(This post was originally posted on the Imaginea blog on 27 May 2016. That blog now no longer exists, so I’m reposting it here. I have The Internet Archive to thank for keeping a copy of the text and my colleague Srikant Patil for his help recovering the images originally presented in this post from an archive.)
In Fluid Concepts and Creative Analogies, Douglas Hofstadter gives centre stage to analogy making as a foundation for intelligence. Much of the book is occupied with an architecture for making analogies between letter patterns – i.e. a cognitive architecture for answering questions of the kind “if abb : bcc then eff : ?”. Hofstadter is brilliant at taking a basic question like how do we model human-like analogy-making computationally, and coming up with a small enough problem space that captures key problem features so we can actually have a go at it without being overwhelmed by the problem. I came across his book circa 2000 (probably 1998/9) and have been fascinated by both the problem and Hofstadter’s approach and thinking that went into it. The fact that his GEB:EGB had been an earlier favourite only added to the fascination.

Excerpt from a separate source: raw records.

lemma frugal_repair_Union:
  assumes frugal: "\<forall>C\<in>S. frugal_repair k (P C) (rho C)"
  shows "frugal_repair k I (\<Union>C\<in>S. rho C)" (is "frugal_repair k I ?r")
  unfolding frugal_repair_def
proof (intro conjI notI)
  have repairs: "\<forall>C\<in>S. is_repair (P C) (rho C)" using frugal unfolding frugal_repair_def by blast
  then have parts: "\<forall>C\<in>S. rho C \<subseteq> P C" unfolding is_repair_iff by blast
  show R: "is_repair I ?r" using is_repair_Union[OF repairs] .
  then have "?r \<subseteq> I" unfolding is_repair_def by blast
  assume "\<exists>r'. is_repair I r' \<and> sat k r' \<subset> sat k ?r"
  then obtain r' where r': "is_repair I r'" "sat k r' \<subset> sat k ?r" by blast
  then have "r' \<subseteq> I" unfolding is_repair_def by blast
  obtain as where as: "as \<in> sat k ?r" "as \<notin> sat k r'" using r'(2) by blast
  then obtain C where C: "C \<in> S" "as \<in> sat k (rho C)"
    using sat_in_some_part[OF \<open>?r \<subseteq> I\<close>] Union_Int_part[OF parts] by metis
  have "sat k (r' \<inter> P C) \<subseteq> sat k (rho C)"
  proof
    fix bs assume bs: "bs \<in> sat k (r' \<inter> P C)"
    then have "bs \<in> sat k (P C)" "bs \<in> sat k ?r"
      using r'(2) sat_mono[of "r' \<inter> P C"] by blast+
    then show "bs \<in> sat k (rho C)"
      using sat_restrict_iff[OF \<open>?r \<subseteq> I\<close> C(1)] Union_Int_part[OF parts C(1)] by simp
  qed
  moreover have "as \<notin> sat k (r' \<inter> P C)" using as(2) sat_mono[of "r' \<inter> P C" r'] by blast
  ultimately have "sat k (r' \<inter> P C) \<subset> sat k (rho C)" using C(2) by blast
  then show False using frugal C(1) is_repair_restrict[OF r'(1) C(1)]
    unfolding frugal_repair_def by blast
qed

theorem frugal_repair_iff_parts:
  "frugal_repair k I r \<longleftrightarrow>
    (\<exists>rho. (\<forall>C\<in>S. frugal_repair k (P C) (rho C)) \<and> r = (\<Union>C\<in>S. rho C))"
proof
  assume frugal: "frugal_repair k I r"
  then have "r \<subseteq> I" unfolding frugal_repair_def is_repair_def by blast
  show "\<exists>rho. (\<forall>C\<in>S. frugal_repair k (P C) (rho C)) \<and> r = (\<Union>C\<in>S. rho C)"
  proof (intro exI conjI)
    show "\<forall>C\<in>S. frugal_repair k (P C) (r \<inter> P C)" using frugal_repair_restrict[OF frugal] by blast
    show "r = (\<Union>C\<in>S. r \<inter> P C)" using Union_restrict[OF \<open>r \<subseteq> I\<close>] .
  qed
qed (auto intro: frugal_repair_Union)

end

definition scc_of :: "('a \<times> 'a) set \<Rightarrow> 'a \<Rightarrow> 'a set" where
  "scc_of E v = {w. (v, w) \<in> E\<^sup>* \<and> (w, v) \<in> E\<^sup>*}"

lemma scc_of_eqI: "a \<in> scc_of E v \<Longrightarrow> scc_of E a = scc_of E v"
  unfolding scc_of_def by (auto intro: rtrancl_trans)

lemma scc_of_mono: "E \<subseteq> E' \<Longrightarrow> scc_of E v \<subseteq> scc_of E' v"
  unfolding scc_of_def using rtrancl_mono by blast

lemma inst_sccs_eq: "inst_sccs I = scc_of (inst_edges I) ` Field (inst_edges I)"
  unfolding inst_sccs_def scc_of_def by auto

lemma inst_edges_mono: "r \<subseteq> r' \<Longrightarrow> inst_edges r \<subseteq> inst_edges r'"
  unfolding inst_edges_def by blast

lemma sat_path:
  assumes "as \<in> sat k r" "0 < k"
  shows "(as ! (p mod k), as ! ((p + m) mod k)) \<in> (inst_edges r)\<^sup>*"
proof (induction m)
  case (Suc m)
  define i where "i = (p + m) mod k"
  have "(i, as ! i, as ! ((i + 1) mod k)) \<in> r"
    using assms unfolding sat_def i_def by auto
  moreover have "(i + 1) mod k = (p + Suc m) mod k" unfolding i_def by (simp add: mod_Suc_eq)
  ultimately have "(as ! ((p + m) mod k), as ! ((p + Suc m) mod k)) \<in> inst_edges r"
    unfolding inst_edges_def i_def by auto
  with Suc show ?case by (rule rtrancl_into_rtrancl)
qed simp

lemma sat_in_scc_of:
  assumes "as \<in> sat k r" "i < k"
  shows "as ! i \<in> scc_of (inst_edges r) (as ! 0)"
proof -
  have "0 < k" using assms(2) by simp
  have "(0 + i) mod k = i" "(i + (k - i)) mod k = 0" using assms(2) by simp_all
  then show ?thesis unfolding scc_of_def
    using sat_path[OF assms(1) \<open>0 < k\<close>, of 0 i] sat_path[OF assms(1) \<open>0 < k\<close>, of i "k - i"] assms(2)
    by simp
qed

lemma purified_fact_in_scc:
  assumes "purified k I" "(i, a, b) \<in> I"
  shows "b \<in> scc_of (inst_edges I) a"
proof -
  obtain as j where as: "as \<in> sat k I" "j < k" "a = as ! j" "b = as ! ((j + 1) mod k)"
    using assms unfolding purified_def by blast
  then have "a \<in> scc_of (inst_edges I) (as ! 0)" "b \<in> scc_of (inst_edges I) (as ! 0)"
    using sat_in_scc_of by fastforce+
  then show ?thesis using scc_of_eqI by metis
qed

lemma inst_sccs_member_eq:
  assumes "C \<in> inst_sccs I" "a \<in> C"
  shows "C = scc_of (inst_edges I) a"
proof -
  obtain v where "C = scc_of (inst_edges I) v" using assms(1) unfolding inst_sccs_eq by blast
  with assms(2) show ?thesis using scc_of_eqI by metis
qed

lemma scc_of_in_inst_sccs:
  assumes "(i, a, b) \<in> I"
  shows "scc_of (inst_edges I) a \<in> inst_sccs I"
proof -
  have "a \<in> Field (inst_edges I)" using assms unfolding inst_edges_def Field_def by blast
  then show ?thesis unfolding inst_sccs_eq by blast
qed

lemma purified_fact_in_comp_part:
  assumes "purified k I" "(i, a, b) \<in> I"
  shows "(i, a, b) \<in> comp_part I (scc_of (inst_edges I) a)"
  using assms purified_fact_in_scc[OF assms] unfolding comp_part_def scc_of_def by simp

lemma sat_in_comp_part:
  assumes "r \<subseteq> I" "as \<in> sat k r"
  shows "as \<in> sat k (r \<inter> comp_part I (scc_of (inst_edges I) (as ! 0)))"
proof -
  have in_scc: "as ! i \<in> scc_of (inst_edges I) (as ! 0)" if "i < k" for i
    using sat_in_scc_of[OF assms(2) that] scc_of_mono[OF inst_edges_mono[OF assms(1)]] by blast
  have "(i, as ! i, as ! ((i + 1) mod k)) \<in> comp_part I (scc_of (inst_edges I) (as ! 0))"
    if "i < k" for i
    using that assms in_scc[OF that] in_scc[of "(i + 1) mod k"] unfolding sat_def comp_part_def
    by auto
  then show ?thesis using assms(2) unfolding sat_def by blast
qed

lemma purified_separating_partition:
  assumes "0 < k" "purified k I"
  shows "separating_partition k I (inst_sccs I) (comp_part I)"
proof
  show "0 < k" by fact
  show "comp_part I C \<subseteq> I" for C unfolding comp_part_def by blast
  show "I \<subseteq> (\<Union>C\<in>inst_sccs I. comp_part I C)"
  proof
    fix f assume "f \<in> I"
    obtain i a b where f: "f = (i, a, b)" by (cases f)
    have fact: "(i, a, b) \<in> I" using \<open>f \<in> I\<close> unfolding f .
    show "f \<in> (\<Union>C\<in>inst_sccs I. comp_part I C)"
      unfolding f
      by (rule UN_I[where B = "comp_part I",
            OF scc_of_in_inst_sccs[OF fact] purified_fact_in_comp_part[OF assms(2) fact]])
  qed
  show "C = D" if "C \<in> inst_sccs I" "D \<in> inst_sccs I"
    "(i, a, b) \<in> comp_part I C" "(i, a, b') \<in> comp_part I D" for C D i a b b'
  proof -
    have "a \<in> C" "a \<in> D" using that(3,4) unfolding comp_part_def by simp_all
    then show "C = D" using inst_sccs_member_eq that(1,2) by metis
  qed
  show "\<exists>C\<in>inst_sccs I. as \<in> sat k (r \<inter> comp_part I C)" if "r \<subseteq> I" "as \<in> sat k r" for r as
  proof
    show "as \<in> sat k (r \<inter> comp_part I (scc_of (inst_edges I) (as ! 0)))"
      using sat_in_comp_part[OF that] .
    have "(0, as ! 0, as ! (1 mod k)) \<in> I" using sat_fact that assms(1) by blast
    then show "scc_of (inst_edges I) (as ! 0) \<in> inst_sccs I" by (rule scc_of_in_inst_sccs)
  qed
qed

theorem lemma4p4:
  fixes k :: nat and CT :: "nat set" and I :: "'c fact set" and r :: "'c fact set"
  assumes "k \<ge> 2"
    and "wf_instance k I"
    and "CT \<subseteq> {..<k}"
    and "consistent_on CT I"
    and "distinct_var_constants k I"
    and "purified k I"
  shows "frugal_repair k I r \<longleftrightarrow>
    (\<exists>rho. (\<forall>C \<in> inst_sccs I. frugal_repair k (comp_part I C) (rho C)) \<and>
          r = (\<Union>C \<in> inst_sccs I. rho C))"
proof -
  interpret separating_partition k I "inst_sccs I" "comp_part I"
    using assms(1,6) by (intro purified_separating_partition) simp_all
  show ?thesis by (rule frugal_repair_iff_parts)
qed

end
lemma longest_pal_suffix_eqI:
  assumes "suffix s x" "palindrome s"
    and "\<And>t. suffix t x \<Longrightarrow> palindrome t \<Longrightarrow> length t \<le> length s"
  shows "longest_pal_suffix x = s"
proof -
  have "length (longest_pal_suffix x) = length s"
    using assms longest_pal_suffix_maximal suffix_longest_pal_suffix palindrome_longest_pal_suffix
    by (meson order_antisym)
  then show ?thesis
    using assms(1) suffix_longest_pal_suffix suffix_same_length_eq by blast
qed

lemma mem_occurrences_iff:
  "i \<in> occurrences s w \<longleftrightarrow> i + length s \<le> length w \<and> (\<forall>j<length s. w ! (i + j) = s ! j)"
  unfolding occurrences_def by (auto simp: list_eq_iff_nth_eq)

lemma occurrence_if_suffix: "suffix s w \<Longrightarrow> length w - length s \<in> occurrences s w"
  by (auto simp: suffix_def occurrences_def)

lemma occurrence_if_prefix: "prefix s w \<Longrightarrow> 0 \<in> occurrences s w"
  by (auto simp: prefix_def occurrences_def)

lemma occurrence_drop: "j \<in> occurrences s (drop k w) \<Longrightarrow> k \<le> length w \<Longrightarrow> k + j \<in> occurrences s w"
  unfolding mem_occurrences_iff by (auto simp: add.assoc)

lemma occurrence_prefix: "prefix e x \<Longrightarrow> i \<in> occurrences s e \<Longrightarrow> i \<in> occurrences s x"
  unfolding mem_occurrences_iff by (auto simp: prefix_def nth_append)

lemma occurrence_rev:
  assumes "i \<in> occurrences s (rev x)"
  shows "length x - length s - i \<in> occurrences (rev s) x"
  unfolding mem_occurrences_iff
proof (intro conjI allI impI)
  from assms have i: "i + length s \<le> length x" and s: "\<And>j. j < length s \<Longrightarrow> rev x ! (i + j) = s ! j"
    unfolding mem_occurrences_iff by auto
  show "length x - length s - i + length (rev s) \<le> length x"
    using i by simp
  fix j assume "j < length (rev s)"
  with i s[of "length s - 1 - j"] show "x ! (length x - length s - i + j) = rev s ! j"
    by (simp add: rev_nth add.commute)
qed

lemma occurrence_of_reversed_suffix:
  assumes "suffix Q p" "palindrome Q" "suffix x p" "length x \<le> length Q"
  shows "length p - length Q \<in> occurrences (rev x) p"
proof -
  have "prefix (rev x) Q"
    using assms by (meson prefix_rev_if_suffix_palindrome suffix_length_suffix)
  then have "0 \<in> occurrences (rev x) (drop (length p - length Q) p)"
    using assms(1) occurrence_if_prefix suffix_iff_drop by metis
  then show ?thesis
    using occurrence_drop by fastforce
qed

lemma card_occurrences_eq_1_iff:
  assumes "suffix s x"
  shows "card (occurrences s x) = 1 \<longleftrightarrow> (\<forall>i\<in>occurrences s x. i = length x - length s)"
  using occurrence_if_suffix[OF assms] by (auto simp: card_1_singleton_iff)

subsection \<open>Complete return words\<close>

definition complete_return :: "'a list \<Rightarrow> 'a list \<Rightarrow> bool" where
  "complete_return w v \<longleftrightarrow> length v > length w
     \<and> (prefix w v \<or> prefix (rev w) v) \<and> (suffix w v \<or> suffix (rev w) v)
     \<and> occurrences w v \<union> occurrences (rev w) v \<subseteq> {0, length v - length w}"

lemma complete_return_rev:
  assumes "complete_return w v"
  shows "complete_return w (rev v)"
proof -
  have len: "length w < length v"
    and ends: "prefix w v \<or> prefix (rev w) v" "suffix w v \<or> suffix (rev w) v"
    and occ: "occurrences w v \<union> occurrences (rev w) v \<subseteq> {0, length v - length w}"
    using assms unfolding complete_return_def by auto
  have "occurrences s (rev v) \<subseteq> {0, length v - length w}" if s: "s \<in> {w, rev w}" for s
  proof
    fix i assume i: "i \<in> occurrences s (rev v)"
    have "occurrences (rev s) v \<subseteq> {0, length v - length w}"
      using occ s by auto
    then have "length v - length s - i \<in> {0, length v - length w}"
      using occurrence_rev[OF i] by blast
    moreover have "i + length s \<le> length v" "length s = length w"
      using i s unfolding occurrences_def by auto
    ultimately show "i \<in> {0, length v - length w}" by auto
  qed
  moreover have "prefix w (rev v) \<or> prefix (rev w) (rev v)" "suffix w (rev v) \<or> suffix (rev w) (rev v)"
    using ends by (auto simp: suffix_to_prefix)
  ultimately show ?thesis
    using len unfolding complete_return_def by simp
qed
(* Let $F$ be any probability distribution on $[0,\infty)\times\{1,2,3,\dots\}$. Then there exists a sequence of $\mathrm{MMPH}^\ast$ distributions (as defined in the context) that converges weakly to $F$.
   Context: A sub-intensity matrix of dimension $p$ is a $p\times p$ real matrix $\mathbf{T}=(t_{ij})$ with $t_{ij}\ge 0$ for $i\neq j$, nonpositive row sums, and such that $\mathbf{T}$ is nonsingular; its exit vector is $\mathbf{t}=-\mathbf{T}\mathbf{e}$, where $\mathbf{e}$ is the column vector of ones. Let $\{X_t\}_{t\ge0}$ be a time-homogeneous Markov jump process on $\{1,\dots,p,p+1\}$ in which $1,\dots,p$ are transient and $p+1$ is absorbing, with generator $\begin{pmatrix}\mathbf{T}&\mathbf{t}\\ \mathbf{0}&0\end{pmatrix}$ and initial distribution $\boldsymbol{\alpha}$ (a probability row vector on $\{1,\dots,p\}$). Let $Y=\inf\{t>0: X_t=p+1\}$ be the absorption time. Partition $\{1,\dots,p\}$ into disjoint sets $E^+$ and $E^0$, and assume that $\boldsymbol{\alpha}$ is supported on $E^+$ (i.e. $\alpha_i=0$ for $i\in E^0$). Let $Z_0,Z_1,\dots$ be the embedded (jump) chain of $X$ (so $Z_0=X_0$ and $Z_k$ is the state entered at the $k$-th jump); let $N$ be the number of indices $k\ge0$ before absorption with $Z_k\in E^+$, i.e. the number of visits (including the initial one) of $X$ to states of $E^+$ before absorption; under the assumption on $\boldsymbol{\alpha}$, $N\ge1$. The distribution of $(Y,N)$ on $[0,\infty)\times\{1,2,\dots\}$ is called the $\mathrm{MMPH}^\ast$ distribution with parameters $(\boldsymbol{\alpha},\mathbf{T},E^+)$; the $\mathrm{MMPH}^\ast$ class consists of all such distributions, for all $p\ge1$, all sub-intensity matrices $\mathbf{T}$, all partitions and all such $\boldsymbol{\alpha}$. Weak convergence refers to probability measures on $[0,\infty)\times\{1,2,\dots\}$ with the product of the usual and the discrete topology. *)

theory Defs
  imports "HOL-Probability.Probability" "Jordan_Normal_Form.Determinant"
begin

text \<open>States are indexed 0,...,p-1 (transient) and p (absorbing).
  T is a p x p real matrix, alpha a real vector of dimension p,
  Eplus a subset of the transient states.\<close>

definition sub_intensity_matrix :: "nat \<Rightarrow> real mat \<Rightarrow> bool" where
  "sub_intensity_matrix p T \<longleftrightarrow>
     T \<in> carrier_mat p p \<and>
     (\<forall>i<p. \<forall>j<p. i \<noteq> j \<longrightarrow> T $$ (i,j) \<ge> 0) \<and>
     (\<forall>i<p. (\<Sum>j<p. T $$ (i,j)) \<le> 0) \<and>
     invertible_mat T"

definition exit_rate :: "nat \<Rightarrow> real mat \<Rightarrow> nat \<Rightarrow> real" where
  "exit_rate p T i = - (\<Sum>j<p. T $$ (i,j))"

In FCCA, Hofstadter talks about derivative projects – one of which (“Letter Spirit”) is about analogy making in the typography space : the question being “if : then : ?”. In a sentence, if I show the system a particular stylized presentation of the letters “abcd”, how do you get it to construct other letters such as “wxyz” in the same style. Once more, he displays the uncanny ability to construct a small enough space – “grid fonts” – in which he manages a few breakthroughs.
Fast forward to 2015, and we have a large number of teams exploring “deep learning” using deep convolutional networks for visual classification and object identification problems. The dominant complaint against neural networks has generally been that we know they work, but we do not have an understanding of how they work. The networks don’t “explain” their strategies in a way that we can grasp.
Google’s Deep Dreaming project is an interesting attempt at gaining visibility into the inner workings of a deep convolutional neural network trained on images. A Google engineer figured out a way to ask a neural network questions and get answers that we can understand … in the form of images. The neural network used in this case was trained to classify images from the ImageNet collection organized around the WordNet ontology.
The layers of a deep convolution neural network (DCNN) that are closer to the input tend to look at spatially local features and the layers deeper down tend to be concerned with higher level and even conceptual features. Taking off on this basic idea, we’ve recently had teams try their hand at the same content-style separation problem that Hofstadter tried to tackled nearly two decades ago. The neural-style github repo contains code that anyone can run and play with mixing two images by taking the “content” from one and the “style” from the other, with some beautiful and surprising results that would appear to put remake artists out of business.
At Imaginea, we run a social network for typoholics called Fontli as our designers have a passion for the field. Folks share typography that they catch in the wild or work that they’ve created themselves. Members ask others for font identification and tips, and tag what they’re able to identify themselves. They even police each other and prevent Fontli from turning into an instagram 🙂
Given that we’re into typography, we would love to have a system where we can take a picture of some type that we catch in the wild and apply it to text of our own choice! It is therefore only natural for us to ask how we can tackle the question that Hofstadter asked two decades ago, using DCNNs that are feasible today.
Not too fast though. What the neural-style project accomplishes is not exactly the problem that Hofstadter (and we) are interested in, but a related problem – given that you (the system) know how to classify a given massive object tagged collection of images, can you produce a rendering of an ad hoc presented object in the style of some provided visual artifact? So the question that we wish to ask is not exactly of the nature that the neural-style algorithm with the ImageNet based model can answer. It is closely related though.
That wouldn’t deter us from trying it anyway right? So we tried it with a bunch of images largely in three classes – type, patterns and semi-realistic pictures – with some surprisingly good and surprisingly crappy results. We wanted to try what “taking the style from an image” would do to a dead simple bland piece of text in black and white – the “content”, shown below.
Here is what we ended up with when we used the above image as “content” and a varied selection of “style” images. The images below were all rendered using the 19-layer network which is the default in the neural-style tool. The amount of content has been kept small in these images deliberately – the proportion varying between 5:1000 and 50:1000. Each image took about 10mins to generate on a g2.2xlarge instance on AWS.
What didn’t work
Realistic photographs did absolutely nothing. Also, since the ImageNet training set doesn’t attempt to teach typography to the neural net, we also didn’t have much success trying to use the letter styles from an image and apply it to new text. The results were mixed, with decent results some times, but head-scratchers at other times.
Paintings worked well ‘cos it appears to be easy for the neural net to “get” the content of a painting with the rest treated as noise … in our case the noise being the “style”.
Look on below.
To continue ..
What we’ve seen in this quick experiment is that the net trained on real world photos does not quite have the ability to read typography. This isn’t surprising since typography neither features strongly in the collection nor have such images been labelled well. That said, we can indeed make some very interesting images that present lettering and we hope to include this functionality in Fontli.
Holler in the comment section if you’d like to see this kind of word styling capability in Fontli!
.. and it looks like Hofstadter’s typography analogy dream is still a bit of a distance away. We would need to train a different network on manually labelled typographic works in order for the DCNN to show fluency in transferring styles from known art to other letters. The design of this training strategy for typography is itself going to be interesting and we’d like to step into a blue police box, jump to the future and check out the wonderful type that the trained DCNN will permit normal human beings to create!
(.. screwdriver warbling ..)